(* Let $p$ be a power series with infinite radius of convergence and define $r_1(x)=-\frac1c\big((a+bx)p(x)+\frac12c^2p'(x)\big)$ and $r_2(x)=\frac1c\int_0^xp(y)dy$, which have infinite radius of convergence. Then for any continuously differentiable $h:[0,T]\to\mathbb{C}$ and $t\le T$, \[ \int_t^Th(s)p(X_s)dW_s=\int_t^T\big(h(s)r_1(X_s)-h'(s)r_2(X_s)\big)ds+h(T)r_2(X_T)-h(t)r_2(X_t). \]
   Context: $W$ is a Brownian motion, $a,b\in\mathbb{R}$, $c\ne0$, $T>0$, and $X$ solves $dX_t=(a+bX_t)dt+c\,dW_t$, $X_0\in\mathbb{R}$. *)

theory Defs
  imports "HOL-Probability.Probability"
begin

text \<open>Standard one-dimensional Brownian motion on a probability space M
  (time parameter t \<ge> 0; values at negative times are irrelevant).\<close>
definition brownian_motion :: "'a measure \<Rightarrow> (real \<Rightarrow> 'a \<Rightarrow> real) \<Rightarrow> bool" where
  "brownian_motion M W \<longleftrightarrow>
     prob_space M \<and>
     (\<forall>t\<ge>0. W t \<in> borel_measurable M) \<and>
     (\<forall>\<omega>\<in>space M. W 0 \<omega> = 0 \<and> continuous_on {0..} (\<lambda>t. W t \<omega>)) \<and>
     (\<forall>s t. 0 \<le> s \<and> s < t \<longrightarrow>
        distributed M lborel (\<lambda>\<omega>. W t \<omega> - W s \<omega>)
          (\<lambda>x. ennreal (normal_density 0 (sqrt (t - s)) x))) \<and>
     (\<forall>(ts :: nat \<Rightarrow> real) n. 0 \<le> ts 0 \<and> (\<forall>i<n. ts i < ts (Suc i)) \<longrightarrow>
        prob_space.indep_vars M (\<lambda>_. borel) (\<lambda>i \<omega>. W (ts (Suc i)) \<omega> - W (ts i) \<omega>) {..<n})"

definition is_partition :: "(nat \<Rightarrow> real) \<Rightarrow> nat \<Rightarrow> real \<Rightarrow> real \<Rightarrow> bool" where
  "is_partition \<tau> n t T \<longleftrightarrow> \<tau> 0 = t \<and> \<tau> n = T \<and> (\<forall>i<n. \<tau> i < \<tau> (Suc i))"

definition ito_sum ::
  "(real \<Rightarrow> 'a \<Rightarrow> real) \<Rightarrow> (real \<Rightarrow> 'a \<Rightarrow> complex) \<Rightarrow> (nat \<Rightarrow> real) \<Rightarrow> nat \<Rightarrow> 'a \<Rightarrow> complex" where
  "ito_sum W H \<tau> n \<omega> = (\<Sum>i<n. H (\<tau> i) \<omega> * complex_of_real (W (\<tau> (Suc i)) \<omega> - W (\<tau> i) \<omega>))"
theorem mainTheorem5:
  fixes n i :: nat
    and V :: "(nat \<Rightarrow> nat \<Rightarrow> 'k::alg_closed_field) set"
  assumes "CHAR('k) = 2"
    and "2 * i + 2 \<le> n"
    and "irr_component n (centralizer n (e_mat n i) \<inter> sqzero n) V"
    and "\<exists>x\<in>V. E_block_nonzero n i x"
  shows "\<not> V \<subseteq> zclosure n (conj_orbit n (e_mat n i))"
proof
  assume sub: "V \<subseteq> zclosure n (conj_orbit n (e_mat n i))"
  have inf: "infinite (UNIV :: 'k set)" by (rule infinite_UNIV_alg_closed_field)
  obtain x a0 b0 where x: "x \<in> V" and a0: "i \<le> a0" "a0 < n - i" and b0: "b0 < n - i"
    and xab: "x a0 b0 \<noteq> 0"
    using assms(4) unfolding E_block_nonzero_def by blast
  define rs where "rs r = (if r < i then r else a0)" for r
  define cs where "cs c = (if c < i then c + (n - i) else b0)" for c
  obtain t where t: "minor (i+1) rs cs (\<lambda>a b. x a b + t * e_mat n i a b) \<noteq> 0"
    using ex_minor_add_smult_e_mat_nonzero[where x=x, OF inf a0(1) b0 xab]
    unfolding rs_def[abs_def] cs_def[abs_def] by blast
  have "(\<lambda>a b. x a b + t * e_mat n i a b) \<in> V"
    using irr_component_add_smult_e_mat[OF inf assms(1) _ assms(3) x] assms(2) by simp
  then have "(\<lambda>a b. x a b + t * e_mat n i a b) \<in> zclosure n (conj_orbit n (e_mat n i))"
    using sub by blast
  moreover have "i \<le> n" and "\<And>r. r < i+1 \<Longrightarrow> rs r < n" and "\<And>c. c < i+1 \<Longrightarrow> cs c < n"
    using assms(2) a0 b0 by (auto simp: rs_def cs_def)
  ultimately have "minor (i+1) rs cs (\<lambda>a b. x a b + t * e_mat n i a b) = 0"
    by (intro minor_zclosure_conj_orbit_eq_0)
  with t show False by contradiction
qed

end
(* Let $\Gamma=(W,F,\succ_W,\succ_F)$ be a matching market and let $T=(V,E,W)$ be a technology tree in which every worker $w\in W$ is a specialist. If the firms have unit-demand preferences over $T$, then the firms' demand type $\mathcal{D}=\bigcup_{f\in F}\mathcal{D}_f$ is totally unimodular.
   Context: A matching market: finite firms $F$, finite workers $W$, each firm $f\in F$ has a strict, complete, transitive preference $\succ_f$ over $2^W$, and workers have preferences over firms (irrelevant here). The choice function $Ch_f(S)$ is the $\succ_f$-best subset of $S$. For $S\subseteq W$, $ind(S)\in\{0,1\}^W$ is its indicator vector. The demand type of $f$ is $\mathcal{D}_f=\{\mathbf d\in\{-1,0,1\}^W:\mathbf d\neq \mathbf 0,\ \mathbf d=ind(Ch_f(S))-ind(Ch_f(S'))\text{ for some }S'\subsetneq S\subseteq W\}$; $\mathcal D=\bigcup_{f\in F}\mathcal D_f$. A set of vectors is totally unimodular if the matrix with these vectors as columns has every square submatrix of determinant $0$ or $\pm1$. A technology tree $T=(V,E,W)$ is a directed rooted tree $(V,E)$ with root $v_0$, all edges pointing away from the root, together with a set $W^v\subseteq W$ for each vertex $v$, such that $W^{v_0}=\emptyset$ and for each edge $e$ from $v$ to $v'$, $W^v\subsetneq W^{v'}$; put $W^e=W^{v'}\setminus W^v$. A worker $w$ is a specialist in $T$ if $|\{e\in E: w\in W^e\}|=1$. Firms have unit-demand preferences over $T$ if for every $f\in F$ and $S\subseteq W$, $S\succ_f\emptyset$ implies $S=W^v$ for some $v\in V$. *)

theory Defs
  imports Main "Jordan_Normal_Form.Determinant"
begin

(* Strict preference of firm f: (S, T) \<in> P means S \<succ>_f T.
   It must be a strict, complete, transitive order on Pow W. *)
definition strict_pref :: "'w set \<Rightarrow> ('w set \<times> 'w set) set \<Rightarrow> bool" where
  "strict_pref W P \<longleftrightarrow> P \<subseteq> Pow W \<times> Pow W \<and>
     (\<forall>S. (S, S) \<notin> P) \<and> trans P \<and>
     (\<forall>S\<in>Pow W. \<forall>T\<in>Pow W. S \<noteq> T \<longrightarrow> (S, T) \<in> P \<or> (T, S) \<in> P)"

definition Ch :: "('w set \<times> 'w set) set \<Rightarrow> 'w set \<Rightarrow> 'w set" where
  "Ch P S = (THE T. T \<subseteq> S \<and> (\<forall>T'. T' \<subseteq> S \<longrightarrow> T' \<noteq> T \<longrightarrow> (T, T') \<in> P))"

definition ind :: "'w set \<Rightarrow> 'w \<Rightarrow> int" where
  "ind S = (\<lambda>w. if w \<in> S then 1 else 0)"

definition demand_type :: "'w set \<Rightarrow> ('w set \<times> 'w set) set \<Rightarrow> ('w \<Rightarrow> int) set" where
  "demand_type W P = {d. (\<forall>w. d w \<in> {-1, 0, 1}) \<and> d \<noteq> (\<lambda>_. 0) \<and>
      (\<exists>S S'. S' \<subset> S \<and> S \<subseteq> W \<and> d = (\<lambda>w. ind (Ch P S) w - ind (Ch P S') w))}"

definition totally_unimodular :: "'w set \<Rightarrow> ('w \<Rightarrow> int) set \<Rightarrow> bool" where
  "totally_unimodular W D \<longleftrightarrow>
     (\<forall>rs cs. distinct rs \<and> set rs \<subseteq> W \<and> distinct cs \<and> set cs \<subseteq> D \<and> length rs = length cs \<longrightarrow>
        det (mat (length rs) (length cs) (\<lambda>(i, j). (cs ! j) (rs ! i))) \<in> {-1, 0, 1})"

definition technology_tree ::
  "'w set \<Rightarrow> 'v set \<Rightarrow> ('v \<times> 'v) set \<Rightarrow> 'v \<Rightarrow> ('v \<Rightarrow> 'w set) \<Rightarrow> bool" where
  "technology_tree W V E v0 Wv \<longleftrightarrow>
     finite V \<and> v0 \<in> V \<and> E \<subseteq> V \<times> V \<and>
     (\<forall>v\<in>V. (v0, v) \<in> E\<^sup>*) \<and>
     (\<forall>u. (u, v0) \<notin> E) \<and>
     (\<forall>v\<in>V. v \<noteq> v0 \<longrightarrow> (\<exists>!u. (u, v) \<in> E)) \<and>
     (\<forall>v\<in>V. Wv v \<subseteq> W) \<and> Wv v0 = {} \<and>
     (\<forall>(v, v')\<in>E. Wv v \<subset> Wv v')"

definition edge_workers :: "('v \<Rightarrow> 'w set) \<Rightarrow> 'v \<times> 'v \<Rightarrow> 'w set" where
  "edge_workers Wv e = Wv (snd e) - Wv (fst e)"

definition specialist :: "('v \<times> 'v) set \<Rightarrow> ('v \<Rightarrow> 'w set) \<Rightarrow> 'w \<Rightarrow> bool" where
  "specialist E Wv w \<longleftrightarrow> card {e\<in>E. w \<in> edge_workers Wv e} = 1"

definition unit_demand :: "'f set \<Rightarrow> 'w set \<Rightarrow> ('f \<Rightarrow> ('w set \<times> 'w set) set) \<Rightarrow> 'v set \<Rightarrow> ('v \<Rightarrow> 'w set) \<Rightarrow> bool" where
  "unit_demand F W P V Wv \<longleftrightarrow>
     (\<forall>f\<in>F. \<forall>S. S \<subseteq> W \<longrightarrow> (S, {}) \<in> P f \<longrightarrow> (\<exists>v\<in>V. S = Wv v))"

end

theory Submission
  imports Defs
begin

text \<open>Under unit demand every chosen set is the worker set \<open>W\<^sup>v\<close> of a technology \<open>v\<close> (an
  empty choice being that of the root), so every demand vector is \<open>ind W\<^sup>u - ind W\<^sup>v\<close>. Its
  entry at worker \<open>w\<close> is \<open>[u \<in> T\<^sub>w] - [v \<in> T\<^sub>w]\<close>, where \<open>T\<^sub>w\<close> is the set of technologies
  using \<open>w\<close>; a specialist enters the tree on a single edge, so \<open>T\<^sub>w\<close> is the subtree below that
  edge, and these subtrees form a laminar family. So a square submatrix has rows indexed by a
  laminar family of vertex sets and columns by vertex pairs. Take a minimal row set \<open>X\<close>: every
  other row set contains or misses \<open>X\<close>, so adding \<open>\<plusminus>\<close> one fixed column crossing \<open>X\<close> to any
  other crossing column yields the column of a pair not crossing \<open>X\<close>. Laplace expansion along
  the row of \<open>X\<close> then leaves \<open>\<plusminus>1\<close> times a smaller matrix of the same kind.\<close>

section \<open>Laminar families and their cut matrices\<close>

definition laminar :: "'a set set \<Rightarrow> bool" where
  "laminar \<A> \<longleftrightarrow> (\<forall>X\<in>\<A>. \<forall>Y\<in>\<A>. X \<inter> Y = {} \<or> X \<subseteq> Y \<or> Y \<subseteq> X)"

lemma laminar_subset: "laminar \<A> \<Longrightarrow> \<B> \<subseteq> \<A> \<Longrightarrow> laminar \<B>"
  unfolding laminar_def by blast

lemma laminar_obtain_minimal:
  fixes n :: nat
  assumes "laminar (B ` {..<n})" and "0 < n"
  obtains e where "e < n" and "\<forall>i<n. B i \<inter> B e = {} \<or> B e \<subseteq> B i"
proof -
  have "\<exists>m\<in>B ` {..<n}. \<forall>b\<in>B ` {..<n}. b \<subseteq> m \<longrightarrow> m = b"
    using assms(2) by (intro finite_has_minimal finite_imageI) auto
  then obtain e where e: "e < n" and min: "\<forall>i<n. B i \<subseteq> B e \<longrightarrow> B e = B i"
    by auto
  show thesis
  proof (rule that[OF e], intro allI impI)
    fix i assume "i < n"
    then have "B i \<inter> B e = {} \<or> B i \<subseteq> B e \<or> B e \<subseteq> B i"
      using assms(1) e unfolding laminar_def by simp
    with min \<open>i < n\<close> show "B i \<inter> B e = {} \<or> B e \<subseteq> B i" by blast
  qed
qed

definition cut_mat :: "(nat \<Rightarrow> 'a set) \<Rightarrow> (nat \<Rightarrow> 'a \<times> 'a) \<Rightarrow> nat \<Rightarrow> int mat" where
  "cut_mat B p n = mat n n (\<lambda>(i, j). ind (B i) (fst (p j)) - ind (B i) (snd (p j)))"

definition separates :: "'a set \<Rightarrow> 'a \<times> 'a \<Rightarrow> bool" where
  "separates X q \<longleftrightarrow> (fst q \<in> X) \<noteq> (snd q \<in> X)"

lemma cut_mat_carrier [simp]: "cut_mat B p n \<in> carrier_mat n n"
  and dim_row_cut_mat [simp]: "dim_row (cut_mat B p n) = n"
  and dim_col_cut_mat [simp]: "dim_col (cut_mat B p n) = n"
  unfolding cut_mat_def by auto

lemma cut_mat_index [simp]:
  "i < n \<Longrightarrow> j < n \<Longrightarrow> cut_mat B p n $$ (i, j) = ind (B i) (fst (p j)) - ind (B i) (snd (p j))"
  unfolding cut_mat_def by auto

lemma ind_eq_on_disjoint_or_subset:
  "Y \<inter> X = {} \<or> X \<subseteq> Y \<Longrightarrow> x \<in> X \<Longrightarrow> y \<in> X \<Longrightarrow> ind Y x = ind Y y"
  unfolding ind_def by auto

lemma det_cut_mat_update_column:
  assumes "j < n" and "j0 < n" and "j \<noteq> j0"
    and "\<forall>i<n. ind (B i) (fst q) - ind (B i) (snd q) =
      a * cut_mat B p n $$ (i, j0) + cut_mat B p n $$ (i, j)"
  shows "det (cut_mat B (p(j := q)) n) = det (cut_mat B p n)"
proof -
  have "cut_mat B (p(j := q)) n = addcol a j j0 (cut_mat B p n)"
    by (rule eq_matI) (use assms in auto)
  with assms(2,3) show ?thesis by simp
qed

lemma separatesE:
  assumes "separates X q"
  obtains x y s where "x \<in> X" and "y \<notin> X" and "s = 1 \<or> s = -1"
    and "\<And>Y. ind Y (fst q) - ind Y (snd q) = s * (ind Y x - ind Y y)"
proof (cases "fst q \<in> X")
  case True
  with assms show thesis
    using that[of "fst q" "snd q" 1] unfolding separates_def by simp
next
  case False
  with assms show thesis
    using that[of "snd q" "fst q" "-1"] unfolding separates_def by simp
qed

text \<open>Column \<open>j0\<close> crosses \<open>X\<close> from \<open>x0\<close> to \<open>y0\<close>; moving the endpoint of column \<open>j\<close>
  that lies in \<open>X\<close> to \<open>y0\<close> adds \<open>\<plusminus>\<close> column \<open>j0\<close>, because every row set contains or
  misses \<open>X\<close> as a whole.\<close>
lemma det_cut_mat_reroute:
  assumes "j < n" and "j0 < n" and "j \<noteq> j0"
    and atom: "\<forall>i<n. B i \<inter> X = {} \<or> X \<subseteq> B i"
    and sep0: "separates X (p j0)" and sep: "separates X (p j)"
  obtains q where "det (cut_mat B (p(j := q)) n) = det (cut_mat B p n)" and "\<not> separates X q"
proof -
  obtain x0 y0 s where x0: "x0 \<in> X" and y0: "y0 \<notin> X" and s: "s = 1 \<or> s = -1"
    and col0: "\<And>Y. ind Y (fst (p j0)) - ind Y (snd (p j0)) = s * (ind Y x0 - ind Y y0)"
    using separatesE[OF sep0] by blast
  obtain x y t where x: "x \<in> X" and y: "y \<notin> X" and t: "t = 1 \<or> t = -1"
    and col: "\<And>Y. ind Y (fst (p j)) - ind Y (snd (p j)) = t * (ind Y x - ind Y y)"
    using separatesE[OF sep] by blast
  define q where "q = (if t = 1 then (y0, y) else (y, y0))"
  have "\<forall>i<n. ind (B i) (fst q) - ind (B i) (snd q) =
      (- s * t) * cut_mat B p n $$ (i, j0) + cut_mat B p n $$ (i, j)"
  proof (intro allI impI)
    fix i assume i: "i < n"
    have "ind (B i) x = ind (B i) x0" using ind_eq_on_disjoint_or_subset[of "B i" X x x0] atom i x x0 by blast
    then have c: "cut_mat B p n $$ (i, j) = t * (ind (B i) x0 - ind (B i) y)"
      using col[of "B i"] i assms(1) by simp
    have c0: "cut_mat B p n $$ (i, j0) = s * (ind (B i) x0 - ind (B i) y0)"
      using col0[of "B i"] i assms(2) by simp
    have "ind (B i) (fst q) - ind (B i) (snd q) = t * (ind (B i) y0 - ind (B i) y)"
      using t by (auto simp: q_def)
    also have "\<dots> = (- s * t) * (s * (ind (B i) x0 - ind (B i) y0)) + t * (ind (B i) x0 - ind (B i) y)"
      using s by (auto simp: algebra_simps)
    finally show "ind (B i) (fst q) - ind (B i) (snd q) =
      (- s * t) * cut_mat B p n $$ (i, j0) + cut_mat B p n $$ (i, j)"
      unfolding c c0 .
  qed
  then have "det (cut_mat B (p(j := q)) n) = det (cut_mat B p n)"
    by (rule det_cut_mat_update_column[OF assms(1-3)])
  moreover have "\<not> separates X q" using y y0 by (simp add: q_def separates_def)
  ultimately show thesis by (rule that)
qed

* _DESCRIPTION OF THE TASK_:
The range runs from the line with "using separatesE[OF sep0] by blast" up to and including the line with "j0) = s * (ind" in the listing above; please write out exactly those lines and nothing more.

* _WRITTEN SOLUTION_:
    using separatesE[OF sep0] by blast
  obtain x y t where x: "x \<in> X" and y: "y \<notin> X" and t: "t = 1 \<or> t = -1"
    and col: "\<And>Y. ind Y (fst (p j)) - ind Y (snd (p j)) = t * (ind Y x - ind Y y)"
    using separatesE[OF sep] by blast
  define q where "q = (if t = 1 then (y0, y) else (y, y0))"
  have "\<forall>i<n. ind (B i) (fst q) - ind (B i) (snd q) =
      (- s * t) * cut_mat B p n $$ (i, j0) + cut_mat B p n $$ (i, j)"
  proof (intro allI impI)
    fix i assume i: "i < n"
    have "ind (B i) x = ind (B i) x0" using ind_eq_on_disjoint_or_subset[of "B i" X x x0] atom i x x0 by blast
    then have c: "cut_mat B p n $$ (i, j) = t * (ind (B i) x0 - ind (B i) y)"
      using col[of "B i"] i assms(1) by simp
    have c0: "cut_mat B p n $$ (i, j0) = s * (ind (B i) x0 - ind (B i) y0)"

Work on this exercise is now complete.